Can We Write About History While We Live Through It?
The number of times my partner has said how tired she is of living through history has been lost. There’s no way to accurately track the amount that phrase has been utter. Once we tried to keep a tally of each event, but we were too exhausted to continue by the end of the week.
This lifetime, these past four years in particular, has been exhausting—both mentally and physically. With each major event comes a subsequent burnout. One occurs and another soon follows. There is a compounding effect that cripples our capacity for empathy; in some cases it can be physically paralyzing. In times like these, solace can be difficult and futile to find.
Not long after Election Day, in the height of my anxiety over the future of the United States (it feels so odd to type that, like I’m trying to deceive anyone that the states were, or are, united) I started to read Elisa Gabbert’s collection of essays, The Unreality of Memory. From the first essay, which Gabbert looks at the Titanic disaster after becoming obsessed with it (and disasters in general), I was hooked.
When my partner asked me what the book was about, I explained that it’s about disasters in the world and how we view them as humans—directly involved or otherwise. “That seems grim,” she said. Perhaps it was.
After we step away from the television where news about COVID-19 and the rising number of deaths in America, Election Day and all the conspiracies that Trump and fellow Republicans peddled, after the California wildfires earlier in the year, Australia’s too, it was grim to turn to past disasters and tragedies as a means to escape the ones we we’ve lived through so far in a few months’ time.
But it helped soothe my anxieties about the world; it helped me make sense of why I felt the way I did.
Ask anyone and they’ll say another familiar phrase about how 2020 was the worst, and at least 2021 can only be better. This comes from the idea that we continue to perpetuate as a society that a new year resets everything. The bar is lowered. Expectations are cleared. But as we see now, after making it almost one month into 2021, this couldn’t be further from the truth.
In March, when COVID-19 began its spread, there was a shameful excitement I experienced in the prospect of having more time to write. Due to the stay-at-home orders, I could use whatever extra minutes and hours gained from the loss of social obligations and travel to finish projects I shelved away because “I didn’t have the necessary time” to commit to them. So long as COVID was around, I did. World events wouldn’t stop me.

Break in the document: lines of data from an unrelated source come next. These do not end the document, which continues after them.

lemma split_value_surj:
  assumes "L \<in> perm_lists (Suc M)" "u < M" "adjacent L u (Suc u)"
  shows "L \<in> split_value u ` perm_lists M"
proof -
  obtain xs ys where L: "L = xs @ u # Suc u # ys" using assms(3) by (auto simp: adjacent_iff)
  have d: "distinct L" and s: "set L = {0..<Suc M}" using assms(1) by (auto simp: perm_lists_iff)
  then have xs: "u \<notin> set xs" "Suc u \<notin> set xs" and ys: "u \<notin> set ys" "Suc u \<notin> set ys"
    unfolding L by auto
  define merge where "merge x = (if Suc u < x then x - 1 else x)" for x
  have shift_merge: "shift_above u (merge x) = x" if "x \<noteq> Suc u" for x
    using that by (auto simp: shift_above_def merge_def)
  have merge_ne: "merge x \<noteq> u" if "x \<noteq> u" for x
    using that by (auto simp: merge_def)
  define L' where "L' = map merge xs @ u # map merge ys"
  have shifted: "map (shift_above u) L' = xs @ u # ys"
    unfolding L'_def using xs ys by (auto simp: shift_above_below intro!: map_idI shift_merge)
  have "u \<notin> set (map merge xs)" "u \<notin> set (map merge ys)"
    using xs ys merge_ne by (metis imageE set_map)+
  then have "split_value u L' = L"
    unfolding L'_def using xs ys
    by (subst split_value_eq) (auto simp: L intro!: map_idI shift_merge)
  moreover have "L' \<in> perm_lists M"
  proof -
    have "distinct (xs @ u # ys)" "set (xs @ u # ys) = {0..<Suc M} - {Suc u}"
      using d s xs ys unfolding L by auto
    then have "distinct (map (shift_above u) L')" "shift_above u ` set L' = shift_above u ` {0..<M}"
      unfolding shifted[symmetric] shift_above_image[OF assms(2)] by simp_all
    then show ?thesis
      by (simp add: perm_lists_iff distinct_map inj_image_eq_iff[OF inj_shift_above])
  qed
  ultimately show ?thesis by blast
qed

lemma sum_adjacent_split_value:
  fixes F :: "nat list \<Rightarrow> real"
  assumes "u < M"
  shows "(\<Sum>L\<in>perm_lists (Suc M). of_bool (adjacent L u (Suc u)) * F L)
       = (\<Sum>L\<in>perm_lists M. F (split_value u L))"
proof -
  have "{L\<in>perm_lists (Suc M). adjacent L u (Suc u)} = split_value u ` perm_lists M"
    using split_value_surj[OF _ assms] split_value_perm_lists[OF _ assms]
      adjacent_split_value[OF _ assms] by blast
  moreover have "inj_on (split_value u) (perm_lists M)"
    using remove1_split_value[OF _ assms] inj_shift_above
    by (intro inj_onI) (metis inj_map_eq_map)
  moreover have "(\<Sum>L\<in>perm_lists (Suc M). of_bool (adjacent L u (Suc u)) * F L)
      = (\<Sum>L\<in>{L\<in>perm_lists (Suc M). adjacent L u (Suc u)}. F L)"
    unfolding sum.inter_filter[OF finite_permutations_of_set] by (intro sum.cong) auto
  ultimately show ?thesis by (simp add: sum.reindex)
qed

lemma precedes_split_value_shift:
  assumes "L \<in> perm_lists M" "u < M"
  shows "precedes (split_value u L) (shift_above u a) (shift_above u b) \<longleftrightarrow> precedes L a b"
proof -
  obtain xs ys where L: "L = xs @ u # ys" "u \<notin> set xs" "u \<notin> set ys"
    using perm_lists_split[OF assms] .
  have "precedes (split_value u L) (shift_above u a) (shift_above u b)
      \<longleftrightarrow> precedes (map (shift_above u) L) (shift_above u a) (shift_above u b)"
    using L shift_above_ne_Suc
    by (simp add: split_value_eq precedes_append shift_above_def)
  also have "\<dots> \<longleftrightarrow> precedes L a b" by (rule precedes_map_inj[OF inj_shift_above])
  finally show ?thesis .
qed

I was reluctant to believe that the stay-at-home orders could last longer than a month or two. Despite hearing how severe the situation could become due to the lack of effort from the Trump administration and their purposeful spread of misinformation, I couldn’t fathom the idea that the pandemic could stretch beyond that time limit. Despite reading about earlier plagues and pandemics in the world, there was disbelief that it could happen during my lifetime.
It’s a selfish sentiment. “This couldn’t happen in my lifetime,” as if my lifetime is above all others past and future—in every lifetime this happens. When I think back over the course of my lifetime, I’m reminded of the events that have played out since my birth that I can remember: the Columbine High School massacre, 9/11, the Iraq War, the Columbia Space Shuttle disaster. And there’s so many other events that could be added from my twenty-eight-year lifetime.
Even almost a year since the start of the pandemic, even months after Election Day, weeks after the Capitol Siege, days after Joe Biden and Kamala Harris’ inauguration, the events that have transpired since—and even before, back to the 2016 election—still feel heavy. Each day I listen to the news, there is no shortage of fatigue by the end.
Only since reading Gabbert’s book have I found myself more able to move out of bed in the morning. I’m able to sit at my writing desk with relative ease, even if there is nothing being produced. It’s a step in a direction, any direction—that’s progress from being motionless.
I don’t dare to write about the events that have happened. It’s all too soon. Nothing has been appropriately processed. “In a way,” Gabbert writes, “time is memory—not clock-time, perhaps.” No matter the distance that clock-time places, there are events we experience in our lifetime that feel too close. Perhaps, the inhibition or reluctance to write about these events, to write about history as it's happening, are because the memory is still fresh, our proximity still too near. Perhaps, this is why we struggle to write about our personal tragedies, too.
To write accurately—and not just historically but emotionally as well—about the events we’ve lived through this past year and long before, we must allow it to become a memory. Let it calm and fade into the recesses of our minds until we’re ready to dredge it up again.
I volunteer as the associate editor of creative nonfiction for Mud Season Review. As part of my tasks, I read through the submissions we receive. Since the start of the pandemic, there’s been a higher number of submissions. Most of which, at first, tried to tackle the human experience of COVID-19, of the isolation it imbued. Even now, we still receive submissions about individual experiences about the pandemic. It’s pressing and current. But it’s too close to write about, and too close to read about. Not enough time has passed.
It was rare for an essay to capture the gravity of the emotions felt, and the few that did weren’t focused on the pandemic. The pandemic became a backdrop for some issue they were dealing with either before March or throughout. The writers used a different memory—another time—to drive their narrative.
”Human memory is human time,” Gabbert writes in her final essay. Once history becomes a memory, then we can effectively write about it.